SAN DIEGO—Vitamin D levels may be associated with brain imaging measures in patients with progressive multiple sclerosis (MS), according to an analysis presented at the ACTRIMS 2018 Forum. The association appears to be similar in primary progressive MS and secondary progressive MS and may reflect vitamin D’s protective effect on myelin in gray matter.
Research has identified vitamin D deficiency as a risk factor for MS. Low levels of the vitamin are associated with increased risk of brain lesions, relapses, and early progression of disability. Much of the literature focuses on relapsing-remitting MS. Less is known about the part that vitamin D plays in progressive MS, particularly with respect to clinical and imaging findings.
An Analysis of Phase II Data
Justin Abbatemarco, MD, a neurologist at Cleveland Clinic, and colleagues studied results from the phase II clinical trial of ibudilast to examine the association between vitamin D levels and clinical and MRI features in progressive MS. In the trial, investigators measured participants’ serum 25 OH vitamin D levels. At baseline, they collected demographic information such as age, gender, race, disease duration, duration of progression, prior treatment history, Expanded Disability Status Scale score, MS Functional Composite, and neurocognitive testing. Baseline MRI information included brain parenchymal fraction, diffusion tensor imaging (DTI), and magnetization transfer ratio (MTR).
Dr. Abbatemarco and colleagues used Spearman correlation to evaluate the associations between total vitamin D and vitamin D3 levels and clinical or imaging characteristics. They created a linear regression model to predict clinical and imaging outcome variables.
Vitamin D Was Associated With Whole Brain MTR
The analysis included 267 patients (47.2% male) with a mean age of 55.6. In all, 137 participants had primary progressive MS, and 130 participants had secondary progressive MS. Mean disease duration was 16.4 years. The population’s mean vitamin D3 level was 40.7 ng/mL, and mean total vitamin D level was 43.8 ng/mL. Mean brain parenchymal fraction was 0.8, mean T2 lesion volume was 10.3 mL, and mean whole brain MTR was 0.1.
The investigators did not observe a significant difference in mean vitamin D levels between patients with secondary progressive MS (44.7 ng/mL) and those with primary progressive MS (42.9 ng/mL).
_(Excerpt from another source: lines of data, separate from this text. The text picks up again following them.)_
(* Consider a block-fading channel with channel power gain $h(\nu)\ge0$ (a random variable with continuous pdf) at fading state $\nu$, constant transmit power $P>0$, and noise power $\sigma^2>0$. For a target $0\le\bar Q\le E_\nu[h(\nu)P]$, let Problem (P1) be: maximize over $\{\alpha(\nu)\}$ the quantity $E_\nu\big[\log\big(1+\frac{\alpha(\nu)h(\nu)P}{\sigma^2}\big)\big]$ subject to $E_\nu[(1-\alpha(\nu))h(\nu)P]\ge\bar Q$ and $0\le\alpha(\nu)\le1$ for all $\nu$. Let $\lambda^\ast\ge0$ be the optimal dual solution of (P1), i.e. a minimizer over $\lambda\ge0$ of the dual function $g(\lambda)=\max_{0\le\alpha(\nu)\le1}\big\{E_\nu[\log(1+\alpha(\nu)h(\nu)P/\sigma^2)]+\lambda\big(E_\nu[(1-\alpha(\nu))h(\nu)P]-\bar Q\big)\big\}$. Then the optimal solution of (P1) is $\alpha^\ast(\nu)=\frac{1}{\lambda^\ast h(\nu)P}-\frac{\sigma^2}{h(\nu)P}$ if $h(\nu)\ge\frac{1}{\lambda^\ast P}-\frac{\sigma^2}{P}$, and $\alpha^\ast(\nu)=1$ otherwise.
   Context: $\log$ is the natural logarithm. $\alpha(\nu)$ is the fraction of the received power at fading state $\nu$ split to the information decoder; $1-\alpha(\nu)$ is split to the energy harvester. *)

theory Defs
  imports "HOL-Probability.Probability"
begin

definition split_policies :: "'a measure \<Rightarrow> ('a \<Rightarrow> real) set" where
  "split_policies M = {\<alpha>. \<alpha> \<in> borel_measurable M \<and> (\<forall>\<nu>\<in>space M. 0 \<le> \<alpha> \<nu> \<and> \<alpha> \<nu> \<le> 1)}"

definition avg_rate :: "'a measure \<Rightarrow> ('a \<Rightarrow> real) \<Rightarrow> real \<Rightarrow> real \<Rightarrow> ('a \<Rightarrow> real) \<Rightarrow> real" where
  "avg_rate M h P \<sigma> \<alpha> = (\<integral>\<nu>. ln (1 + \<alpha> \<nu> * h \<nu> * P / \<sigma>\<^sup>2) \<partial>M)"

definition avg_harvest :: "'a measure \<Rightarrow> ('a \<Rightarrow> real) \<Rightarrow> real \<Rightarrow> ('a \<Rightarrow> real) \<Rightarrow> real" where
  "avg_harvest M h P \<alpha> = (\<integral>\<nu>. (1 - \<alpha> \<nu>) * h \<nu> * P \<partial>M)"

definition dual_fun :: "'a measure \<Rightarrow> ('a \<Rightarrow> real) \<Rightarrow> real \<Rightarrow> real \<Rightarrow> real \<Rightarrow> real \<Rightarrow> real" where
  "dual_fun M h P \<sigma> Q lam =
     (SUP \<alpha>\<in>split_policies M. avg_rate M h P \<sigma> \<alpha> + lam * (avg_harvest M h P \<alpha> - Q))"

definition P1_optimal :: "'a measure \<Rightarrow> ('a \<Rightarrow> real) \<Rightarrow> real \<Rightarrow> real \<Rightarrow> real \<Rightarrow> ('a \<Rightarrow> real) \<Rightarrow> bool" where
  "P1_optimal M h P \<sigma> Q \<alpha> \<longleftrightarrow>
     \<alpha> \<in> split_policies M \<and> avg_harvest M h P \<alpha> \<ge> Q \<and>
     (\<forall>\<beta>\<in>split_policies M. avg_harvest M h P \<beta> \<ge> Q \<longrightarrow>
        avg_rate M h P \<sigma> \<beta> \<le> avg_rate M h P \<sigma> \<alpha>)"

end

theory Submission
  imports Defs
begin

(* The Lagrangian of (P1) decouples over fading states: for a multiplier \<lambda> > 0, the pointwise
   maximiser of ln (1 + \<alpha> x / \<sigma>^2) + \<lambda> (1 - \<alpha>) x over \<alpha> \<in> [0,1] fills the received power x
   up to the water level 1/\<lambda> - \<sigma>^2.  So the dual function is attained at this water-filling
   policy, and its harvested power minus Q is a subgradient of the dual function that depends
   continuously on \<lambda> (dominated convergence).  At the minimiser \<lambda>* this yields primal
   feasibility and complementary slackness, and weak duality makes the water-filling policy
   optimal.  Uniqueness of \<lambda>* excludes \<lambda>* > 1/\<sigma>^2, where the dual function is nondecreasing and
   the closed form of the theorem would leave [0,1]. *)

lemma ln_diff_le_divide: "0 < a \<Longrightarrow> 0 < b \<Longrightarrow> ln a - ln b \<le> (a - b) / b"
  for a b :: real
  using ln_le_minus_one[of "a / b"] by (simp add: ln_div diff_divide_distrib)

lemma continuous_on_integral_dominated:
  fixes F :: "'p::{first_countable_topology, t2_space} \<Rightarrow> 'a \<Rightarrow> 'b::{banach, second_countable_topology}"
  assumes meas: "\<And>t. t \<in> S \<Longrightarrow> F t \<in> borel_measurable M"
    and w: "integrable M w" and bound: "\<And>t x. t \<in> S \<Longrightarrow> x \<in> space M \<Longrightarrow> norm (F t x) \<le> w x"
    and cont: "\<And>x. x \<in> space M \<Longrightarrow> continuous_on S (\<lambda>t. F t x)"
  shows "continuous_on S (\<lambda>t. \<integral>x. F t x \<partial>M)"
proof (rule continuous_on_sequentiallyI)
  fix u :: "nat \<Rightarrow> 'p" and a assume u: "\<forall>n. u n \<in> S" and a: "a \<in> S" and lim: "u \<longlonglongrightarrow> a"
  have "AE x in M. (\<lambda>n. F (u n) x) \<longlonglongrightarrow> F a x"
    using cont continuous_on_tendsto_compose[OF _ lim a] u by (auto simp: o_def)
  then show "(\<lambda>n. \<integral>x. F (u n) x \<partial>M) \<longlonglongrightarrow> \<integral>x. F a x \<partial>M"
    using meas bound u a w by (intro integral_dominated_convergence[where w = w]) auto
qed

lemma minimizer_subgradient_sign:
  fixes g s :: "real \<Rightarrow> real"
  assumes sub: "\<And>l m. 0 \<le> l \<Longrightarrow> 0 \<le> m \<Longrightarrow> g l + (m - l) * s l \<le> g m"
    and cont: "continuous_on {0..} s"
    and l0: "0 \<le> l0" and min: "\<And>m. 0 \<le> m \<Longrightarrow> g l0 \<le> g m"
  shows "0 \<le> s l0" and "0 < l0 \<Longrightarrow> s l0 \<le> 0"
proof -
  have sign: "(l0 - m) * s m \<le> 0" if "0 \<le> m" for m
    using sub[OF that l0] min[OF that] by simp
  have lim: "(s \<longlongrightarrow> s l0) (at l0 within {0..})"
    using cont l0 by (simp add: continuous_on_def)
  have "(s \<longlongrightarrow> s l0) (at_right l0)"
    by (rule tendsto_within_subset[OF lim]) (use l0 in auto)
  moreover have "\<forall>\<^sub>F m in at_right l0. 0 \<le> s m"
  proof (rule eventually_at_rightI[of l0 "l0 + 1"])
    fix m assume "m \<in> {l0<..<l0 + 1}"
    then show "0 \<le> s m" using sign[of m] l0 by (auto simp: mult_le_0_iff)
  qed simp
  ultimately show "0 \<le> s l0"
    by (rule tendsto_lowerbound) simp
  assume "0 < l0"
  then have "at l0 within {0..} = at l0"
    by (intro at_within_interior) simp
  then have "(s \<longlongrightarrow> s l0) (at l0)"
    using lim by simp
  then have "(s \<longlongrightarrow> s l0) (at_left l0)"
    by (simp add: filterlim_at_split)
  moreover have "\<forall>\<^sub>F m in at_left l0. s m \<le> 0"
  proof (rule eventually_at_leftI[of 0])
    fix m assume "m \<in> {0<..<l0}"
    then show "s m \<le> 0" using sign[of m] by (auto simp: mult_le_0_iff)
  qed fact
  ultimately show "s l0 \<le> 0"
    by (rule tendsto_upperbound) simp
qed
private lemma rebalance_encoded:
  "size (fst R) = Suc n" "size (snd R) = Suc n" "fst R + snd R = image_mset e (A + B)"
  using rebalance_size[of "image_mset e A" n "image_mset e B"]
    rebalance_sum[of "image_mset e A" n "image_mset e B"] A_size B_size
  by simp_all

private lemma encode_decode: "M \<subseteq># fst R + snd R \<Longrightarrow> image_mset e (image_mset (inv e) M) = M"
proof -
  assume "M \<subseteq># fst R + snd R"
  then have "set_mset M \<subseteq> range e"
    using set_mset_mono rebalance_encoded(3) by fastforce
  then have "image_mset (e \<circ> inv e) M = image_mset id M"
    by (intro image_mset_cong) (auto intro: f_inv_into_f)
  then show ?thesis
    by (simp add: multiset.map_comp)
qed

lemma rebalance_along_size:
  "size (fst (rebalance_along e n (A, B))) = Suc n"
  "size (snd (rebalance_along e n (A, B))) = Suc n"
  using rebalance_encoded by (simp_all add: rebalance_along_def case_prod_unfold)

lemma rebalance_along_sum:
  "fst (rebalance_along e n (A, B)) + snd (rebalance_along e n (A, B)) = A + B"
proof -
  have "fst (rebalance_along e n (A, B)) + snd (rebalance_along e n (A, B))
      = image_mset (inv e) (fst R + snd R)"
    by (simp add: rebalance_along_def case_prod_unfold)
  also have "\<dots> = A + B"
    using e_inj by (simp add: rebalance_encoded(3) multiset.map_comp o_def)
  finally show ?thesis .
qed

lemma rebalance_along_rebalance_along: "rebalance_along e n (rebalance_along e n (A, B)) = (A, B)"
proof -
  have "map_prod (image_mset e) (image_mset e) (rebalance_along e n (A, B)) = R"
    using encode_decode by (simp add: rebalance_along_def map_prod_def case_prod_unfold)
  then have "rebalance_along e n (rebalance_along e n (A, B))
      = map_prod (image_mset (inv e)) (image_mset (inv e)) (rebalance n R)"
    by (simp add: rebalance_along_def)
  also have "\<dots> = (A, B)"
    using e_inj A_size B_size
    by (simp add: rebalance_rebalance multiset.map_comp o_def)
  finally show ?thesis .
qed

end

definition msets_on :: "'a set \<Rightarrow> nat \<Rightarrow> 'a multiset set" where
  "msets_on S k = {M. size M = k \<and> set_mset M \<subseteq> S}"

lemma inj_on_rebalance_along:
  assumes "inj e"
  shows "inj_on (rebalance_along e n) (msets_on S n \<times> msets_on S (Suc (Suc n)))"
proof (rule inj_on_inverseI)
  fix p assume "p \<in> msets_on S n \<times> msets_on S (Suc (Suc n))"
  then show "rebalance_along e n (rebalance_along e n p) = p"
    using rebalance_along_rebalance_along[OF \<open>inj e\<close>] by (auto simp: msets_on_def)
qed

lemma rebalance_along_in_msets_on:
  assumes "inj e" and "p \<in> msets_on S n \<times> msets_on S (Suc (Suc n))"
  shows "rebalance_along e n p \<in> msets_on S (Suc n) \<times> msets_on S (Suc n)"
proof -
  obtain A B where AB: "p = (A, B)" "size A = n" "size B = Suc (Suc n)" "set_mset (A + B) \<subseteq> S"
    using assms(2) by (auto simp: msets_on_def)
  obtain C D where CD: "rebalance_along e n (A, B) = (C, D)"
    by fastforce
  have "C + D = A + B" "size C = Suc n" "size D = Suc n"
    using rebalance_along_sum[OF \<open>inj e\<close> AB(2,3)] rebalance_along_size[OF \<open>inj e\<close> AB(2,3)]
    by (simp_all add: CD)
  moreover from this(1) have "set_mset C \<subseteq> S" "set_mset D \<subseteq> S"
    using AB(4) by (metis le_sup_iff set_mset_union)+
  ultimately show ?thesis
    by (simp add: AB(1) CD msets_on_def)
qed

lemma has_sum_product_nonneg:
  fixes f g :: "_ \<Rightarrow> real"
  assumes f: "(f has_sum a) A" and g: "(g has_sum b) B"
    and f_nonneg: "\<And>x. x \<in> A \<Longrightarrow> 0 \<le> f x" and g_nonneg: "\<And>y. y \<in> B \<Longrightarrow> 0 \<le> g y"
  shows "((\<lambda>(x, y). f x * g y) has_sum a * b) (A \<times> B)"
proof -
  have rows: "((\<lambda>y. f x * g y) has_sum f x * b) B" for x
    by (rule has_sum_cmult_right[OF g])
  have "(\<lambda>x. f x * b) summable_on A"
    using f by (intro summable_on_cmult_left) (auto dest: has_sum_imp_summable)
  then have summable: "(\<lambda>(x, y). f x * g y) summable_on A \<times> B"
    using rows by (intro summable_on_SigmaI[where g = "\<lambda>x. f x * b"])
      (auto intro!: mult_nonneg_nonneg f_nonneg g_nonneg)
  have "infsum (\<lambda>(x, y). f x * g y) (A \<times> B) = (\<Sum>\<^sub>\<infinity>x\<in>A. \<Sum>\<^sub>\<infinity>y\<in>B. f x * g y)"
    using infsum_Sigma'_banach[of "\<lambda>x y. f x * g y" A "\<lambda>_. B"] summable by simp
  also have "\<dots> = (\<Sum>\<^sub>\<infinity>x\<in>A. f x * b)"
    using rows by (intro infsum_cong) (simp add: infsumI)
  also have "\<dots> = a * b"
    using has_sum_cmult_left[OF f] by (simp add: infsumI)
  finally show ?thesis
    using summable by (simp add: has_sum_iff)
qed

lemma has_sum_sum:
  fixes f :: "'i \<Rightarrow> 'a \<Rightarrow> 'b::topological_comm_monoid_add"
  assumes "finite I" "\<And>i. i \<in> I \<Longrightarrow> (f i has_sum s i) A"
  shows "((\<lambda>x. \<Sum>i\<in>I. f i x) has_sum (\<Sum>i\<in>I. s i)) A"
  using assms by (induction I rule: finite_induct) (auto intro: has_sum_add)

lemma summable_on_exp_neg_square:
  fixes t :: real
  assumes "t > 0"
  shows "(\<lambda>n::nat. exp (- t * real n ^ 2)) summable_on UNIV"
proof (rule summable_on_comparison_test)
  show "(\<lambda>n::nat. exp (- t) ^ n) summable_on UNIV"
    using assms by (intro summable_nonneg_imp_summable_on summable_geometric) auto
  show "exp (- t * real n ^ 2) \<le> exp (- t) ^ n" for n :: nat
  proof -
    have "real n \<le> real n ^ 2" by (cases n) (auto simp: power2_eq_square)
    then have "- t * real n ^ 2 \<le> - t * real n" using assms by simp
    then show ?thesis by (simp add: exp_of_nat_mult[symmetric] mult.commute)
  qed
qed simp

lemma sum_increments_upto:
  fixes f :: "nat \<Rightarrow> 'a::ab_group_add"
  shows "(\<Sum>j = 1..m. if j \<le> c then f j - f (j - 1) else 0) = f (min m c) - f 0"
proof (induction m)
  case (Suc m)
  have "{1..Suc m} = insert (Suc m) {1..m}" by auto
  then show ?case using Suc by (auto simp: min_def)
qed simp
(* Let $\beta>0$ and $M\ge1$. Every solution $\mathbf{p}\in\mathbb{R}^M$ of the system $$\mathbf{p}=\big\langle \mathbf{s}\,\tanh(\beta\,\mathbf{s}\cdot\mathbf{p})\big\rangle_{\mathbf{s}}$$ has all components equal: $p^\mu=p^\nu$ for all $\mu,\nu\in\{1,\dots,M\}$.
   Context: $m_0(\beta):=\lim_{h\to0^+}m_0(\beta,h)$, where $m_0(\beta,h)$ is the unique solution of $m=\tanh(\beta m+h)$ for $h>0$; equivalently $m_0(\beta)$ is the largest nonnegative solution of $m=\tanh(\beta m)$ (so $m_0(\beta)=0$ for $\beta\le1$ and $m_0(\beta)>0$ for $\beta>1$). $\langle\cdot\rangle_{\mathbf{s}}$ denotes expectation over $\mathbf{s}\in\{-1,1\}^M$ with i.i.d. entries of mean $m_0(\beta)$, i.e. weight $e^{\beta m_0\sum_\mu s_\mu}/(2\cosh(\beta m_0))^M$. *)

theory Defs
  imports Complex_Main "HOL-Library.FuncSet"
begin

definition m0 :: "real \<Rightarrow> real" where
  "m0 \<beta> = (GREATEST m. 0 \<le> m \<and> m = tanh (\<beta> * m))"

text \<open>Spin configurations s in {-1,1}^M, indexed by 0..M-1 (extensional).\<close>
definition spins :: "nat \<Rightarrow> (nat \<Rightarrow> real) set" where
  "spins M = PiE {..<M} (\<lambda>_. {-1, 1})"

definition dotM :: "nat \<Rightarrow> (nat \<Rightarrow> real) \<Rightarrow> (nat \<Rightarrow> real) \<Rightarrow> real" where
  "dotM M s p = (\<Sum>\<mu><M. s \<mu> * p \<mu>)"

text \<open>Probability weight of s: i.i.d. entries with mean m0(beta).\<close>
definition spin_weight :: "real \<Rightarrow> nat \<Rightarrow> (nat \<Rightarrow> real) \<Rightarrow> real" where
  "spin_weight \<beta> M s =
     exp (\<beta> * m0 \<beta> * (\<Sum>\<mu><M. s \<mu>)) / (2 * cosh (\<beta> * m0 \<beta>)) ^ M"

definition spin_avg :: "real \<Rightarrow> nat \<Rightarrow> ((nat \<Rightarrow> real) \<Rightarrow> real) \<Rightarrow> real" where
  "spin_avg \<beta> M f = (\<Sum>s\<in>spins M. spin_weight \<beta> M s * f s)"

end

theory Submission
  imports Defs "HOL-Analysis.Elementary_Metric_Spaces"
begin

text \<open>
  Fix sites \<open>\<mu> \<noteq> \<nu>\<close> and put \<open>d = p\<^sup>\<mu> - p\<^sup>\<nu>\<close>. Exchanging the spins at \<open>\<mu>\<close> and \<open>\<nu>\<close> is a
  weight-preserving involution of the configurations that changes \<open>s \<cdot> p\<close> by \<open>(s\<^sub>\<mu> - s\<^sub>\<nu>) d\<close>;
  symmetrising the fixed-point equations with it gives
  \<open>d = \<langle>(s\<^sub>\<mu> - s\<^sub>\<nu>) (tanh (\<beta> s\<cdot>p) - tanh (\<beta> s'\<cdot>p))\<rangle> / 2\<close>,
  with \<open>s'\<close> the exchanged configuration.
  As \<open>tanh\<close> is a strict contraction, \<open>|d| < \<beta> |d| \<langle>(s\<^sub>\<mu> - s\<^sub>\<nu>)\<^sup>2\<rangle> / 2 = \<beta> (1 - m\<^sub>0\<^sup>2) |d|\<close>
  unless \<open>d = 0\<close>, where the second moment is computed from the independence of the sites.
  Finally \<open>\<beta> (1 - m\<^sub>0\<^sup>2) \<le> 1\<close> because \<open>m\<^sub>0\<close> is the largest fixed point of \<open>m \<mapsto> tanh (\<beta> m)\<close>.
\<close>

lemma m0_greatest_fixed_point:
  fixes \<beta> :: real
  shows "0 \<le> m0 \<beta>" and "tanh (\<beta> * m0 \<beta>) = m0 \<beta>"
    and "\<And>m. 0 \<le> m \<Longrightarrow> tanh (\<beta> * m) = m \<Longrightarrow> m \<le> m0 \<beta>"
proof -
  define S where "S = {m::real. 0 \<le> m \<and> m = tanh (\<beta> * m)}"
  have "closed S"
    unfolding S_def Collect_conj_eq
    by (intro closed_Int closed_Collect_le closed_Collect_eq continuous_intros) auto
  moreover have "S \<noteq> {}" unfolding S_def by auto
  moreover have "bdd_above S"
  proof (rule bdd_aboveI)
    fix m assume "m \<in> S"
    then have "m = tanh (\<beta> * m)" unfolding S_def by blast
    then show "m \<le> 1" using tanh_real_lt_1[of "\<beta> * m"] by linarith
  qed
  ultimately have Sup_in: "Sup S \<in> S" and Sup_ge: "\<And>m. m \<in> S \<Longrightarrow> m \<le> Sup S"
    using closed_contains_Sup cSup_upper by blast+
  then have "m0 \<beta> = Sup S"
    unfolding m0_def S_def by (intro Greatest_equality) blast+
  with Sup_in Sup_ge show "0 \<le> m0 \<beta>" "tanh (\<beta> * m0 \<beta>) = m0 \<beta>"
    "\<And>m. 0 \<le> m \<Longrightarrow> tanh (\<beta> * m) = m \<Longrightarrow> m \<le> m0 \<beta>"
    unfolding S_def by force+
qed

text \<open>
  Otherwise \<open>g m = tanh (\<beta> m) - m\<close> would have positive slope at its zero \<open>m\<^sub>0\<close>; being negative
  at \<open>1\<close>, it would then vanish again to the right of \<open>m\<^sub>0\<close>.
\<close>
lemma m0_stable: "\<beta> * (1 - m0 \<beta> ^ 2) \<le> 1"
proof (rule ccontr)
  define g where "g x = tanh (\<beta> * x) - x" for x
  let ?m = "m0 \<beta>"
  note fixed = m0_greatest_fixed_point[where \<beta> = \<beta>]
  assume "\<not> ?thesis"
  then have "\<beta> * (1 - tanh (\<beta> * ?m) ^ 2) - 1 > 0"
    by (simp add: fixed(2))
  moreover have "DERIV g ?m :> \<beta> * (1 - tanh (\<beta> * ?m) ^ 2) - 1"
    unfolding g_def by (auto intro!: derivative_eq_intros)
  ultimately obtain d where "d > 0" and d: "\<And>h. 0 < h \<Longrightarrow> h < d \<Longrightarrow> g ?m < g (?m + h)"
    using DERIV_pos_inc_right by blast
  define x0 where "x0 = ?m + d / 2"
  have "g x0 > 0" using d[of "d / 2"] \<open>d > 0\<close> unfolding x0_def g_def by (simp add: fixed(2))
  moreover have "g 1 < 0" unfolding g_def using tanh_real_lt_1 by simp
  moreover have "x0 \<le> 1"
    using \<open>g x0 > 0\<close> tanh_real_lt_1[of "\<beta> * x0"] unfolding g_def by linarith
  moreover have "continuous_on {x0..1} g" unfolding g_def by (auto intro!: continuous_intros)
  ultimately obtain x where "x0 \<le> x" "g x = 0"
    using IVT2'[of g 1 0 x0] by force
  moreover have "?m < x0" using \<open>d > 0\<close> unfolding x0_def by simp
  ultimately have "?m < x" "tanh (\<beta> * x) = x" unfolding g_def by simp_all
  then show False using fixed(1) fixed(3)[of x] by linarith
qed

lemma x_minus_tanh_less_of_nonneg:
  fixes a b :: real assumes "0 \<le> a" "a < b"
  shows "a - tanh a < b - tanh b"
proof (rule DERIV_pos_imp_increasing_open[OF \<open>a < b\<close>])
  fix x assume "a < x" "x < b"
  then show "\<exists>y. ((\<lambda>x. x - tanh x) has_real_derivative y) (at x) \<and> 0 < y"
    using assms by (intro exI[of _ "tanh x ^ 2"]) (auto intro!: derivative_eq_intros)
qed (auto intro!: continuous_intros)

lemma strict_mono_x_minus_tanh: "strict_mono (\<lambda>x::real. x - tanh x)"
proof
  fix a b :: real assume "a < b"
  consider "0 \<le> a" | "b \<le> 0" | "a < 0" "0 < b" by linarith
  then show "a - tanh a < b - tanh b"
  proof cases
    case 2
    then show ?thesis using x_minus_tanh_less_of_nonneg[of "-b" "-a"] \<open>a < b\<close> by simp
  next
    case 3
    then show ?thesis using x_minus_tanh_less_of_nonneg[of 0 "-a"] x_minus_tanh_less_of_nonneg[of 0 b] by simp
  qed (use x_minus_tanh_less_of_nonneg \<open>a < b\<close> in blast)
qed

lemma tanh_real_abs_diff_less:
  fixes x y :: real assumes "x \<noteq> y"
  shows "\<bar>tanh x - tanh y\<bar> < \<bar>x - y\<bar>"
  using assms strict_monoD[OF strict_mono_x_minus_tanh, of x y]
    strict_monoD[OF strict_mono_x_minus_tanh, of y x] tanh_real_less_iff[of x y] tanh_real_less_iff[of y x]
  by (cases x y rule: linorder_cases) auto

definition site_weight :: "real \<Rightarrow> real \<Rightarrow> real" where
  "site_weight \<beta> x = exp (\<beta> * m0 \<beta> * x) / (2 * cosh (\<beta> * m0 \<beta>))"

lemma two_cosh_real: "2 * cosh x = exp x + exp (- x :: real)"
  by (simp add: cosh_field_def)

lemma site_weight_sum: "(\<Sum>x\<in>{-1, 1}. site_weight \<beta> x) = 1"
  using add_pos_pos[OF exp_gt_zero exp_gt_zero, of "\<beta> * m0 \<beta>" "- (\<beta> * m0 \<beta>)"]
  by (simp add: site_weight_def two_cosh_real add_divide_distrib[symmetric])

lemma site_weight_mean: "(\<Sum>x\<in>{-1, 1}. site_weight \<beta> x * x) = m0 \<beta>"
proof -
  have "(\<Sum>x\<in>{-1, 1}. site_weight \<beta> x * x) = tanh (\<beta> * m0 \<beta>)"
    by (simp add: site_weight_def tanh_altdef two_cosh_real diff_divide_distrib)
  then show ?thesis by (simp add: m0_greatest_fixed_point(2))
qed

lemma spin_weight_prod: "spin_weight \<beta> M s = (\<Prod>k<M. site_weight \<beta> (s k))"
  unfolding spin_weight_def site_weight_def by (simp add: sum_distrib_left exp_sum prod_dividef)

lemma spin_avg_prod:
  "spin_avg \<beta> M (\<lambda>s. \<Prod>k<M. h k (s k)) = (\<Prod>k<M. \<Sum>x\<in>{-1, 1}. site_weight \<beta> x * h k x)"
  unfolding spin_avg_def spins_def spin_weight_prod prod.distrib[symmetric]
  by (rule prod_sum_PiE[symmetric]) auto

lemma spin_avg_const: "spin_avg \<beta> M (\<lambda>_. a) = a"
proof -
  have "spin_avg \<beta> M (\<lambda>_. 1) = 1"
    using spin_avg_prod[of \<beta> M "\<lambda>_ _. 1"] by (simp add: site_weight_sum)
  then show ?thesis unfolding spin_avg_def by (simp add: sum_distrib_right[symmetric])
qed

lemma spin_avg_pair_product:
  assumes "\<mu> < M" "\<nu> < M" "\<mu> \<noteq> \<nu>"
  shows "spin_avg \<beta> M (\<lambda>s. s \<mu> * s \<nu>) = m0 \<beta> ^ 2"
proof -
  define h where "h k x = (if k \<in> {\<mu>, \<nu>} then x else 1)" for k and x :: real
  have pair: "{..<M} \<inter> {k. k = \<mu> \<or> k = \<nu>} = {\<mu>, \<nu>}" using assms by auto
  have "(\<Prod>k<M. h k (s k)) = s \<mu> * s \<nu>" for s
    using assms by (simp add: h_def prod.If_cases pair)
  moreover have "(\<Sum>x\<in>{-1, 1}. site_weight \<beta> x * h k x) = (if k \<in> {\<mu>, \<nu>} then m0 \<beta> else 1)" for k
    using site_weight_sum[of \<beta>] site_weight_mean[of \<beta>] by (simp add: h_def)
  ultimately show ?thesis
    using spin_avg_prod[of \<beta> M h] assms by (simp add: prod.If_cases pair power2_eq_square)
qed

lemma spin_avg_sq_diff:
  assumes "\<mu> < M" "\<nu> < M" "\<mu> \<noteq> \<nu>"
  shows "spin_avg \<beta> M (\<lambda>s. (s \<mu> - s \<nu>) ^ 2) = 2 * (1 - m0 \<beta> ^ 2)"
proof -
  have sq: "(s \<mu> - s \<nu>) ^ 2 = 2 - 2 * (s \<mu> * s \<nu>)" if "s \<in> spins M" for s
  proof -
    have "s \<mu> \<in> {-1, 1}" "s \<nu> \<in> {-1, 1}" using that assms by (auto simp: spins_def PiE_iff)
    then show ?thesis by (auto simp: power2_eq_square algebra_simps)
  qed
  have "spin_avg \<beta> M (\<lambda>s. (s \<mu> - s \<nu>) ^ 2) = spin_avg \<beta> M (\<lambda>s. 2 - 2 * (s \<mu> * s \<nu>))"
    unfolding spin_avg_def by (rule sum.cong) (simp_all only: sq)
  also have "\<dots> = 2 * spin_avg \<beta> M (\<lambda>_. 1) - 2 * spin_avg \<beta> M (\<lambda>s. s \<mu> * s \<nu>)"
    unfolding spin_avg_def by (simp add: sum_subtractf sum_distrib_left algebra_simps)
  finally show ?thesis using assms by (simp add: spin_avg_const spin_avg_pair_product algebra_simps)
qed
They did find positive associations between vitamin D3 and whole brain MTR, normal appearing brain tissue MTR, and normal appearing gray matter MTR. Dr. Abbatemarco’s group found no significant associations between vitamin D levels and brain parenchymal fraction, T1 or T2 lesion volume, or DTI metrics. The associations between vitamin D3 and MRI features were similar in patients with primary progressive MS and those with secondary progressive MS.
In a multivariate analysis that controlled for age, gender, disease duration, the time that vitamin D level was obtained, and latitude of study site, associations between vitamin D3 level and whole brain MTR remained significant. Every 10-ng/mL increase in vitamin D3 was associated with a 2.1% unit increase in whole brain MTR. The investigators found no association between vitamin D3 and brain parenchymal fraction, T2 lesion volume, T1 lesion volume, and clinical scores.
Dr. Abbatemarco and colleagues plan to test the effect of longitudinal changes on clinical and MRI measures once data become available.
Smolders J, Menheere P, Kessels A, et al. Association of vitamin D metabolite levels with relapse rate and disability in multiple sclerosis. Mult Scler. 2008;14(9):1220-1224.